## WHAT IS NEEDED
Set down, character for character, everything in the records below from the line holding "dominant matrices, so" down to the line holding "using R by (intro", and no other line.

## INPUT FOR THIS TASK
________________________

(* Let $A$ be an $n\times m$ matrix with entries in $\{0,1,-1\}$, $n\ge 2$. (i) If each column of $A$ has at most two nonzero entries, then for each $B\in\mathcal{Q}_0(A^t)$, $AB$ and $(AB)^{[2]}$ are $P_0$-matrices, and $AB$ is positive semistable. (ii) If each row of $A$ has at most two nonzero entries, then for each $B\in\mathcal{Q}_0(A^t)$, $AB$ is positive semistable.
   Context: For $M\in\mathbb{R}^{n\times m}$, $\mathcal{Q}(M)$ is the set of real matrices with the same entrywise sign pattern as $M$, and $\mathcal{Q}_0(M)$ its closure. A square real matrix is a $P_0$-matrix if all principal minors are nonnegative, and positive semistable if all eigenvalues have nonnegative real part. $M^{[2]}$ denotes the second additive compound of $M\in\mathbb{R}^{n\times n}$: the matrix of $u\wedge v\mapsto Mu\wedge v+u\wedge Mv$ on $\Lambda^2\mathbb{R}^n$ in the lexicographically ordered basis $e_i\wedge e_j$, $i<j$. *)

theory Defs
  imports "Jordan_Normal_Form.Char_Poly" "Jordan_Normal_Form.DL_Submatrix"
begin

definition in_Q0 :: "real mat \<Rightarrow> real mat \<Rightarrow> bool" where
  "in_Q0 B M \<longleftrightarrow> dim_row B = dim_row M \<and> dim_col B = dim_col M \<and>
     (\<forall>i < dim_row M. \<forall>j < dim_col M.
        sgn (B $$ (i,j)) \<in> {0, sgn (M $$ (i,j))})"

definition P0_matrix :: "real mat \<Rightarrow> bool" where
  "P0_matrix M \<longleftrightarrow> dim_row M = dim_col M \<and>
     (\<forall>I \<subseteq> {0..<dim_row M}. det (submatrix M I I) \<ge> 0)"

definition pos_semistable :: "real mat \<Rightarrow> bool" where
  "pos_semistable M \<longleftrightarrow> dim_row M = dim_col M \<and>
     (\<forall>z. eigenvalue (map_mat complex_of_real M) z \<longrightarrow> Re z \<ge> 0)"

text \<open>Index pairs (i,j), i<j<n, in lexicographic order (basis e_i wedge e_j).\<close>
definition wedge_pairs :: "nat \<Rightarrow> (nat \<times> nat) list" where
  "wedge_pairs n = concat (map (\<lambda>i. map (\<lambda>j. (i,j)) [Suc i..<n]) [0..<n])"

text \<open>Second additive compound: matrix of u wedge v \<mapsto> Mu wedge v + u wedge Mv.
  Entry at row (i,j), column (k,l) is the coefficient of e_i wedge e_j in
  M e_k wedge e_l + e_k wedge M e_l.\<close>
definition compound2 :: "real mat \<Rightarrow> real mat" where
  "compound2 M = (let ps = wedge_pairs (dim_row M) in
     mat (length ps) (length ps) (\<lambda>(a,b).
       (case ps ! a of (i,j) \<Rightarrow> case ps ! b of (k,l) \<Rightarrow>
          (if l = j then M $$ (i,k) else 0) - (if l = i then M $$ (j,k) else 0)
        + (if k = i then M $$ (j,l) else 0) - (if k = j then M $$ (i,l) else 0))))"

end

(*
  For B in Q_0(A^T), expand det(AB) by multilinearity: it is a sum of terms (product of entries
  of B) * det R, where the rows of R are columns of A. If every column of A has at most two
  entries +-1, each such R is weakly diagonally dominant and the B-factor has the sign of the
  diagonal of R, so every term is nonnegative. The same structure is inherited by principal
  submatrices, by AB + tI = [A I] [B; tI], and by (AB)^[2], which factors as W(A) W(B^T)^T
  with W(A) again of this kind. Hence AB and (AB)^[2] are P_0 and det(AB + tI),
  det((AB)^[2] + tI) > 0 for t > 0: neither has a negative real eigenvalue, and a nonreal
  eigenvalue z of AB would make 2 Re z an eigenvalue of (AB)^[2] (eigenvector v /\ conj v).
  Part (ii) is part (i) for A^T B^T, whose nonzero eigenvalues are those of AB.
*)
theory Submission
  imports Defs
begin

section \<open>Diagonally dominant matrices\<close>

lemma det_nonzero_if_strictly_diag_dominant:
  fixes M :: "real mat"
  assumes M: "M \<in> carrier_mat n n"
    and dominant: "\<And>i. i < n \<Longrightarrow> (\<Sum>j\<in>{0..<n}-{i}. \<bar>M $$ (i,j)\<bar>) < \<bar>M $$ (i,i)\<bar>"
  shows "det M \<noteq> 0"
proof
  assume "det M = 0"
  then obtain v where v: "v \<in> carrier_vec n" "v \<noteq> 0\<^sub>v n" "M *\<^sub>v v = 0\<^sub>v n"
    using det_0_iff_vec_prod_zero_field[OF M] by auto
  have "n \<noteq> 0" using v by auto
  then have fin: "finite ((\<lambda>j. \<bar>v $ j\<bar>) ` {0..<n})" "(\<lambda>j. \<bar>v $ j\<bar>) ` {0..<n} \<noteq> {}" by auto
  obtain i where i: "i < n" "\<bar>v $ i\<bar> = Max ((\<lambda>j. \<bar>v $ j\<bar>) ` {0..<n})"
    using Max_in[OF fin] by auto
  have max: "\<And>j. j < n \<Longrightarrow> \<bar>v $ j\<bar> \<le> \<bar>v $ i\<bar>"
    using Max_ge[OF fin(1)] i by auto
  have "v $ i \<noteq> 0"
  proof
    assume "v $ i = 0"
    then have "v = 0\<^sub>v n" using max v(1) by (intro eq_vecI) force+
    with v(2) show False by simp
  qed
  have "(\<Sum>j\<in>{0..<n}. M $$ (i,j) * v $ j) = 0"
    using arg_cong[OF v(3), of "\<lambda>w. w $ i"] M v(1) i by (simp add: scalar_prod_def)
  moreover have "(\<Sum>j\<in>{0..<n}. M $$ (i,j) * v $ j) =
      M $$ (i,i) * v $ i + (\<Sum>j\<in>{0..<n}-{i}. M $$ (i,j) * v $ j)"
    using i by (subst sum.remove[of _ i]) auto
  ultimately have "\<bar>M $$ (i,i) * v $ i\<bar> = \<bar>\<Sum>j\<in>{0..<n}-{i}. M $$ (i,j) * v $ j\<bar>"
    by linarith
  also have "\<dots> \<le> (\<Sum>j\<in>{0..<n}-{i}. \<bar>M $$ (i,j)\<bar> * \<bar>v $ i\<bar>)"
    by (rule order_trans[OF sum_abs sum_mono]) (auto simp: abs_mult intro!: mult_left_mono max)
  also have "\<dots> < \<bar>M $$ (i,i)\<bar> * \<bar>v $ i\<bar>"
    unfolding sum_distrib_right[symmetric] using dominant[OF i(1)] \<open>v $ i \<noteq> 0\<close>
    by (intro mult_strict_right_mono) auto
  finally show False by (simp add: abs_mult)
qed

definition scale_off_diag :: "real \<Rightarrow> real mat \<Rightarrow> real mat" where
  "scale_off_diag s R = mat (dim_row R) (dim_col R) (\<lambda>(i,j). if i = j then R $$ (i,j) else s * R $$ (i,j))"

lemma continuous_det_scale_off_diag:
  assumes R: "R \<in> carrier_mat n n"
  shows "isCont (\<lambda>s. det (scale_off_diag s R)) s"
proof -
  have carrier: "scale_off_diag s R \<in> carrier_mat n n" for s using R by (simp add: scale_off_diag_def)
  have "det (scale_off_diag s R) = (\<Sum>p\<in>{p. p permutes {0..<n}}. of_int (sign p) *
      (\<Prod>i\<in>{0..<n}. if i = p i then R $$ (i, p i) else s * R $$ (i, p i)))" for s
    unfolding det_def'[OF carrier] using R
    by (auto simp: scale_off_diag_def permutes_in_image intro!: sum.cong prod.cong)
  then show ?thesis
  proof (simp only:, intro continuous_intros)
    fix p i
    show "isCont (\<lambda>x. if i = p i then R $$ (i, p i) else x * R $$ (i, p i)) s"
      by (cases "i = p i") (auto intro!: continuous_intros)
  qed
qed

text \<open>If the diagonal is nonzero, scaling the off-diagonal entries by \<open>s \<in> [0,1)\<close> gives strictly
  dominant matrices, so the determinant does not vanish for these \<open>s\<close> and, by continuity, \<open>det R\<close>
  is zero or has the sign of the diagonal product.\<close>

lemma diag_prod_mult_det_nonneg_if_diag_dominant:
  fixes R :: "real mat"
  assumes R: "R \<in> carrier_mat n n"
    and dominant: "\<And>i. i < n \<Longrightarrow> (\<Sum>j\<in>{0..<n}-{i}. \<bar>R $$ (i,j)\<bar>) \<le> \<bar>R $$ (i,i)\<bar>"
  shows "0 \<le> (\<Prod>i\<in>{0..<n}. R $$ (i,i)) * det R"
proof (rule ccontr)
  define c where "c = (\<Prod>i\<in>{0..<n}. R $$ (i,i))"
  define g where "g s = c * det (scale_off_diag s R)" for s
  assume "\<not> 0 \<le> (\<Prod>i\<in>{0..<n}. R $$ (i,i)) * det R"
  moreover have "scale_off_diag 1 R = R"
    using R by (intro eq_matI) (auto simp: scale_off_diag_def)
  ultimately have g1: "g 1 < 0" unfolding g_def c_def by simp
  then have "c \<noteq> 0" unfolding g_def by auto
  then have diag: "R $$ (i,i) \<noteq> 0" if "i < n" for i
    using that unfolding c_def by auto
  have "det (scale_off_diag 0 R) = c"
    using R unfolding c_def
    by (subst det_upper_triangular) (auto simp: scale_off_diag_def upper_triangular_def
        diag_mat_def prod.distinct_set_conv_list[symmetric] intro!: prod.cong)
  then have g0: "0 \<le> g 0" unfolding g_def by simp
  obtain s where s: "0 \<le> s" "s \<le> 1" "g s = 0"
    using IVT2[of g 1 0 0] g0 g1 continuous_det_scale_off_diag[OF R]
    unfolding g_def by (auto intro: continuous_intros)
  have "s < 1" using s g1 by (cases "s = 1") auto
  have "det (scale_off_diag s R) \<noteq> 0"
  proof (rule det_nonzero_if_strictly_diag_dominant)
    show "scale_off_diag s R \<in> carrier_mat n n" using R by (simp add: scale_off_diag_def)
    fix i assume i: "i < n"
    have "(\<Sum>j\<in>{0..<n}-{i}. \<bar>scale_off_diag s R $$ (i,j)\<bar>) = s * (\<Sum>j\<in>{0..<n}-{i}. \<bar>R $$ (i,j)\<bar>)"
      using R i s(1) by (auto simp: scale_off_diag_def abs_mult sum_distrib_left intro!: sum.cong)
    also have "\<dots> \<le> s * \<bar>R $$ (i,i)\<bar>"
      using dominant[OF i] s(1) by (rule mult_left_mono)
    also have "\<dots> < \<bar>R $$ (i,i)\<bar>"
      using diag[OF i] \<open>s < 1\<close> by simp
    finally show "(\<Sum>j\<in>{0..<n}-{i}. \<bar>scale_off_diag s R $$ (i,j)\<bar>) < \<bar>scale_off_diag s R $$ (i,i)\<bar>"
      using R i by (simp add: scale_off_diag_def)
  qed
  with s(3) g1 show False unfolding g_def by auto
qed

________________________

## WRITTEN SOLUTION
  dominant matrices, so the determinant does not vanish for these \<open>s\<close> and, by continuity, \<open>det R\<close>
  is zero or has the sign of the diagonal product.\<close>

lemma diag_prod_mult_det_nonneg_if_diag_dominant:
  fixes R :: "real mat"
  assumes R: "R \<in> carrier_mat n n"
    and dominant: "\<And>i. i < n \<Longrightarrow> (\<Sum>j\<in>{0..<n}-{i}. \<bar>R $$ (i,j)\<bar>) \<le> \<bar>R $$ (i,i)\<bar>"
  shows "0 \<le> (\<Prod>i\<in>{0..<n}. R $$ (i,i)) * det R"
proof (rule ccontr)
  define c where "c = (\<Prod>i\<in>{0..<n}. R $$ (i,i))"
  define g where "g s = c * det (scale_off_diag s R)" for s
  assume "\<not> 0 \<le> (\<Prod>i\<in>{0..<n}. R $$ (i,i)) * det R"
  moreover have "scale_off_diag 1 R = R"
    using R by (intro eq_matI) (auto simp: scale_off_diag_def)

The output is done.